*** Opening Data shown ***

lemma entry_zero_if_corner_diagonals_zero:
  assumes "2 \<le> m" and "v 0 = 0" and "v ((n - 1) * m) = 0" and "valid_idx m n idx"
  shows "v (sum_list idx) = 0"
proof -
  obtain x idx' where "idx = x # idx'"
    using assms(1,4) by (cases idx) (auto simp: valid_idx_def)
  then have "0 < n"
    using assms(4) by (auto simp: valid_idx_def)
  have first: "zero_coord 0" and last: "zero_coord (n - 1)"
    using zero_coord_if_diagonal_zero[of 0] zero_coord_if_diagonal_zero[of "n - 1"]
      assms(1-3) \<open>0 < n\<close> by simp_all
  define s where "s = sum_list idx"
  have "s \<le> (n - 1) * m"
    using sum_list_le_length_mult[of idx "n - 1"] assms(4)
    by (fastforce simp: s_def valid_idx_def)
  show ?thesis
  proof (cases "s \<le> (n - 1) * (m - 1)")
    case True
    then obtain t where "valid_idx (m - 1) n t" "sum_list t = s"
      using exists_valid_idx_with_sum \<open>0 < n\<close> by blast
    then have "valid_idx m n (0 # t)" and "sum_list (0 # t) = s"
      using assms(1) \<open>0 < n\<close> by simp_all
    then show ?thesis
      using entry_zero_if_zero_coord first by (fastforce simp: s_def)
  next
    case False
    have "(n - 1) * 1 \<le> (n - 1) * (m - 1)"
      using assms(1) by (intro mult_le_mono2) simp
    then have "n - 1 \<le> (n - 1) * (m - 1)"
      by simp
    moreover have "(n - 1) * m = (n - 1) * (m - 1) + (n - 1)"
      using assms(1) by (cases m) simp_all
    ultimately have "n - 1 \<le> s" and "s - (n - 1) \<le> (n - 1) * (m - 1)"
      using False \<open>s \<le> (n - 1) * m\<close> by linarith+
    then obtain t where "valid_idx (m - 1) n t" "sum_list t = s - (n - 1)"
      using exists_valid_idx_with_sum \<open>0 < n\<close> by blast
    then have "valid_idx m n ((n - 1) # t)" and "sum_list ((n - 1) # t) = s"
      using assms(1) \<open>0 < n\<close> \<open>n - 1 \<le> s\<close> by simp_all
    then show ?thesis
      using entry_zero_if_zero_coord last by (fastforce simp: s_def)
  qed
qed

lemma entry_zero_below_order:
  assumes "2 \<le> n" and "v 0 = 0" and "j < m"
  shows "v j = 0"
proof -
  define t where "t = replicate j (1::nat) @ replicate (m - j) 0"
  have "valid_idx m n t" and "0 \<in> set t" and "sum_list t = j"
    using assms by (auto simp: t_def valid_idx_def sum_list_replicate)
  moreover have "zero_coord 0"
    using zero_coord_if_diagonal_zero[of 0] assms by simp
  ultimately show ?thesis
    using entry_zero_if_zero_coord by metis
qed

lemma entry_eq_corners_if_interior_diagonal_zero:
  assumes "2 \<le> m" and "3 \<le> n" and "0 < i" and "i < n - 1" and "v (i * m) = 0"
    and "valid_idx m n idx"
  shows "v (sum_list idx) =
    v 0 * tpow (std_basis 0) idx + v ((n - 1) * m) * tpow (std_basis (n - 1)) idx"
proof -
  have "idx \<noteq> []" and "length idx = m"
    using assms(1,6) by (auto simp: valid_idx_def)
  consider (first) "set idx \<subseteq> {0}" | (last) "set idx \<subseteq> {n - 1}"
    | (mixed) "\<not> set idx \<subseteq> {0}" "\<not> set idx \<subseteq> {n - 1}"
    by blast
  then show ?thesis
  proof cases
    case first
    then have "\<not> set idx \<subseteq> {n - 1}"
      using \<open>idx \<noteq> []\<close> assms(2) by (auto simp: subset_singleton_iff)
    moreover have "sum_list idx = 0"
      using sum_list_eq_length_mult[OF first] by simp
    ultimately show ?thesis
      using first by (simp add: tpow_std_basis del: sum_list_eq_0_iff)
  next
    case last
    then have "\<not> set idx \<subseteq> {0}"
      using \<open>idx \<noteq> []\<close> assms(2) by (auto simp: subset_singleton_iff)
    then show ?thesis
      using last sum_list_eq_length_mult[OF last] \<open>length idx = m\<close>
      by (simp add: tpow_std_basis mult.commute)
  next
    case mixed
    then obtain t j where "valid_idx m n t" "sum_list t = sum_list idx"
      and "j \<in> set t" "0 < j" "j < n - 1"
      using valid_idx_with_interior_entry assms(2,6) by blast
    moreover have "zero_coord i"
      using zero_coord_if_diagonal_zero assms(1,4,5) by simp
    ultimately have "v (sum_list idx) = 0"
      using interior_zero_coords entry_zero_if_zero_coord assms(1,3,4) by metis
    then show ?thesis
      using mixed by (simp add: tpow_std_basis)
  qed
qed

end

lemma cp_hankel_if_completely_positive:
  assumes "hankel_tensor m n A v" and "completely_positive m n A"
  obtains r u where "cp_hankel m n v r u"
proof -
  obtain r :: nat and u where "\<forall>k<r. \<forall>i<n. 0 \<le> u k i"
    and "\<forall>idx. valid_idx m n idx \<longrightarrow> A idx = (\<Sum>k<r. tpow (u k) idx)"
    using assms(2) unfolding completely_positive_def by blast
  then have "cp_hankel m n v r u"
    using assms(1) by unfold_locales (auto simp: hankel_tensor_def)
  then show ?thesis ..
qed

lemma completely_positive_if_zero_tensor:
  assumes "0 < m" and "zero_tensor m n A"
  shows "completely_positive m n A"
  unfolding completely_positive_def
proof (intro exI conjI allI impI)
  fix idx
  assume "valid_idx m n idx"
  then have "idx \<noteq> []"
    using assms(1) by (auto simp: valid_idx_def)
  then have "tpow (\<lambda>i. 0) idx = 0"
    by (cases idx) (simp_all add: tpow_def)
  then show "A idx = (\<Sum>k<1. tpow ((\<lambda>k i. 0) k) idx)"
    using assms(2) \<open>valid_idx m n idx\<close> by (simp add: zero_tensor_def)
qed simp_all

lemma completely_positive_hankel_iff_zero_tensor:
  assumes "2 \<le> m" and "hankel_tensor m n A v" and "v 0 = 0" and "v ((n - 1) * m) = 0"
  shows "completely_positive m n A \<longleftrightarrow> zero_tensor m n A"
proof
  assume "completely_positive m n A"
  then obtain r u where "cp_hankel m n v r u"
    by (rule cp_hankel_if_completely_positive[OF assms(2)])
  then show "zero_tensor m n A"
    using cp_hankel.entry_zero_if_corner_diagonals_zero assms
    by (simp add: zero_tensor_def hankel_tensor_def)
qed (use assms(1) completely_positive_if_zero_tensor in simp)

lemma completely_positive_hankel_eq_corners:
  assumes "2 \<le> m" and "3 \<le> n" and "hankel_tensor m n A v" and "completely_positive m n A"
    and "0 < i" and "i < n - 1" and "v (i * m) = 0"
  shows "0 \<le> v 0" and "0 \<le> v ((n - 1) * m)"
    and "\<And>idx. valid_idx m n idx \<Longrightarrow>
      A idx = v 0 * tpow (std_basis 0) idx + v ((n - 1) * m) * tpow (std_basis (n - 1)) idx"
proof -
  obtain r u where cp: "cp_hankel m n v r u"
    by (rule cp_hankel_if_completely_positive[OF assms(3,4)])
  show "0 \<le> v 0" and "0 \<le> v ((n - 1) * m)"
    using cp_hankel.diagonal_entry_nonneg[OF cp, of 0]
      cp_hankel.diagonal_entry_nonneg[OF cp, of "n - 1"] assms(2) by simp_all
  show "A idx = v 0 * tpow (std_basis 0) idx + v ((n - 1) * m) * tpow (std_basis (n - 1)) idx"
    if "valid_idx m n idx" for idx
    using cp_hankel.entry_eq_corners_if_interior_diagonal_zero[OF cp assms(1,2,5-7) that]
      assms(3) that by (simp add: hankel_tensor_def)
qed

lemma not_completely_positive_hankel:
  assumes "2 \<le> n" and "hankel_tensor m n A v" and "v 0 = 0" and "j < m" and "v j \<noteq> 0"
  shows "\<not> completely_positive m n A"
proof
  assume "completely_positive m n A"
  then obtain r u where "cp_hankel m n v r u"
    by (rule cp_hankel_if_completely_positive[OF assms(2)])
  then show False
    using cp_hankel.entry_zero_below_order assms(1,3-5) by blast
qed

theorem mainTheorem6:
  fixes m n :: nat and A :: "nat list \<Rightarrow> real" and v :: "nat \<Rightarrow> real"
  assumes "m \<ge> 2" and "n \<ge> 2" and "hankel_tensor m n A v"
  shows "(v 0 = 0 \<and> v ((n - 1) * m) = 0 \<longrightarrow>
            (completely_positive m n A \<longleftrightarrow> zero_tensor m n A))
       \<and> (n \<ge> 3 \<and> completely_positive m n A \<and>
            (\<exists>i. 1 \<le> i \<and> i \<le> n - 2 \<and> v (i * m) = 0) \<longrightarrow>
            v 0 \<ge> 0 \<and> v ((n - 1) * m) \<ge> 0 \<and>
            (\<forall>is. valid_idx m n is \<longrightarrow>
               A is = v 0 * tpow (std_basis 0) is + v ((n - 1) * m) * tpow (std_basis (n - 1)) is))
       \<and> (v 0 = 0 \<and> (\<exists>j. 1 \<le> j \<and> j \<le> m - 1 \<and> v j \<noteq> 0) \<longrightarrow>
            \<not> completely_positive m n A)"
proof (rule conjI[OF impI conjI[OF impI impI]])
  assume "v 0 = 0 \<and> v ((n - 1) * m) = 0"
  then show "completely_positive m n A \<longleftrightarrow> zero_tensor m n A"
    using completely_positive_hankel_iff_zero_tensor assms(1,3) by blast
next
  assume asm: "n \<ge> 3 \<and> completely_positive m n A \<and>
    (\<exists>i. 1 \<le> i \<and> i \<le> n - 2 \<and> v (i * m) = 0)"
  then obtain i where "3 \<le> n" "1 \<le> i" "i \<le> n - 2" "v (i * m) = 0"
    by blast
  moreover have "0 < i" "i < n - 1"
    using calculation by linarith+
  ultimately show "v 0 \<ge> 0 \<and> v ((n - 1) * m) \<ge> 0 \<and>
      (\<forall>is. valid_idx m n is \<longrightarrow>
        A is = v 0 * tpow (std_basis 0) is + v ((n - 1) * m) * tpow (std_basis (n - 1)) is)"
    using completely_positive_hankel_eq_corners[OF assms(1) _ assms(3)] asm by blast
next
  assume "v 0 = 0 \<and> (\<exists>j. 1 \<le> j \<and> j \<le> m - 1 \<and> v j \<noteq> 0)"
  then obtain j where "v 0 = 0" "j \<le> m - 1" "v j \<noteq> 0"
    by blast
  moreover have "j < m"
    using assms(1) calculation by linarith
  ultimately show "\<not> completely_positive m n A"
    using not_completely_positive_hankel assms(2,3) by blast
qed
lemma med3_unique:
  fixes a b c v :: "'a::linordered_idom"
  assumes "\<bar>a - v\<bar> + \<bar>v - b\<bar> = \<bar>a - b\<bar>" "\<bar>b - v\<bar> + \<bar>v - c\<bar> = \<bar>b - c\<bar>"
    "\<bar>c - v\<bar> + \<bar>v - a\<bar> = \<bar>c - a\<bar>"
  shows "v = med3 a b c"
  using assms unfolding abs_between_iff med3_def min_def max_def by (auto split: if_splits)

definition l1_dist :: "'k set \<Rightarrow> ('k \<Rightarrow> 'a::linordered_idom) \<Rightarrow> ('k \<Rightarrow> 'a) \<Rightarrow> 'a" where
  "l1_dist K p q = (\<Sum>k\<in>K. \<bar>p k - q k\<bar>)"

lemma l1_dist_nonneg: "0 \<le> l1_dist K p q"
  unfolding l1_dist_def by (rule sum_nonneg) simp

lemma l1_dist_self [simp]: "l1_dist K p p = 0"
  by (simp add: l1_dist_def)

lemma l1_dist_triangle: "l1_dist K p r \<le> l1_dist K p q + l1_dist K q r"
  unfolding l1_dist_def sum.distrib[symmetric] by (intro sum_mono) arith

lemma l1_dist_med3:
  "l1_dist K p (\<lambda>k. med3 (p k) (q k) (r k)) + l1_dist K (\<lambda>k. med3 (p k) (q k) (r k)) q = l1_dist K p q"
  unfolding l1_dist_def sum.distrib[symmetric] by (simp add: med3_between)

lemma l1_dist_between_pointwise:
  assumes "finite K" "l1_dist K p v + l1_dist K v q = l1_dist K p q" "k \<in> K"
  shows "\<bar>p k - v k\<bar> + \<bar>v k - q k\<bar> = \<bar>p k - q k\<bar>"
proof -
  define excess where "excess k = \<bar>p k - v k\<bar> + \<bar>v k - q k\<bar> - \<bar>p k - q k\<bar>" for k
  have "sum excess K = 0"
    using assms(2) by (simp add: excess_def l1_dist_def sum.distrib sum_subtractf)
  moreover have "\<forall>k\<in>K. 0 \<le> excess k"
    unfolding excess_def by (intro ballI) arith
  ultimately have "excess k = 0"
    using sum_nonneg_eq_0_iff[OF assms(1)] assms(3) by blast
  then show ?thesis by (simp add: excess_def)
qed

lemma walk_of_len_0_iff: "walk_of_len V E x y 0 \<longleftrightarrow> x \<in> V \<and> y = x"
proof
  assume "walk_of_len V E x y 0"
  then obtain xs where "length xs = 1" "hd xs = x" "last xs = y" "set xs \<subseteq> V"
    unfolding walk_of_len_def by auto
  then show "x \<in> V \<and> y = x" by (cases xs) auto
qed (auto simp: walk_of_len_def intro: exI[of _ "[x]"])

lemma walk_of_len_Cons:
  assumes "x \<in> V" "E x z" "walk_of_len V E z y n"
  shows "walk_of_len V E x y (Suc n)"
proof -
  obtain xs where xs: "length xs = Suc n" "hd xs = z" "last xs = y" "set xs \<subseteq> V"
    "\<forall>j<n. E (xs ! j) (xs ! Suc j)"
    using assms(3) unfolding walk_of_len_def by blast
  have "xs \<noteq> []" using xs(1) by auto
  then have "\<forall>j<Suc n. E ((x # xs) ! j) ((x # xs) ! Suc j)"
    using xs assms(2) by (auto simp: less_Suc_eq_0_disj hd_conv_nth)
  then show ?thesis
    unfolding walk_of_len_def using xs assms(1) by (intro exI[of _ "x # xs"]) auto
qed

lemma gdist_eq_0_iff:
  assumes "graph_connected V E" "x \<in> V" "y \<in> V"
  shows "gdist V E x y = 0 \<longleftrightarrow> x = y"
proof
  assume "gdist V E x y = 0"
  moreover obtain n where "walk_of_len V E x y n"
    using assms unfolding graph_connected_def by blast
  ultimately have "walk_of_len V E x y 0"
    unfolding gdist_def by (metis LeastI)
  then show "x = y" by (simp add: walk_of_len_0_iff)
next
  assume "x = y"
  then show "gdist V E x y = 0"
    using assms(2) by (simp add: gdist_def walk_of_len_0_iff)
qed

locale geodesic_distance =
  fixes V :: "'v set" and E :: "'v \<Rightarrow> 'v \<Rightarrow> bool" and d :: "'v \<Rightarrow> 'v \<Rightarrow> int"
  assumes dist_self: "x \<in> V \<Longrightarrow> d x x = 0"
    and dist_nonneg: "x \<in> V \<Longrightarrow> y \<in> V \<Longrightarrow> 0 \<le> d x y"
    and dist_triangle: "x \<in> V \<Longrightarrow> y \<in> V \<Longrightarrow> z \<in> V \<Longrightarrow> d x z \<le> d x y + d y z"
    and dist_adj: "E x y \<Longrightarrow> x \<in> V \<Longrightarrow> y \<in> V \<Longrightarrow> d x y \<le> 1"
    and step_towards: "x \<in> V \<Longrightarrow> y \<in> V \<Longrightarrow> x \<noteq> y \<Longrightarrow> \<exists>z\<in>V. E x z \<and> d z y + 1 = d x y"
begin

*** Closing Data shown ***

> Work request: Begin with the first line of the data above and, please, print each line exactly until you have printed the line containing "zero_coord_if_diagonal_zero[of 0] zero_coord_if_diagonal_zero[of"; print nothing else.

> Reply to the task:
lemma entry_zero_if_corner_diagonals_zero:
  assumes "2 \<le> m" and "v 0 = 0" and "v ((n - 1) * m) = 0" and "valid_idx m n idx"
  shows "v (sum_list idx) = 0"
proof -
  obtain x idx' where "idx = x # idx'"
    using assms(1,4) by (cases idx) (auto simp: valid_idx_def)
  then have "0 < n"
    using assms(4) by (auto simp: valid_idx_def)
  have first: "zero_coord 0" and last: "zero_coord (n - 1)"
    using zero_coord_if_diagonal_zero[of 0] zero_coord_if_diagonal_zero[of "n - 1"]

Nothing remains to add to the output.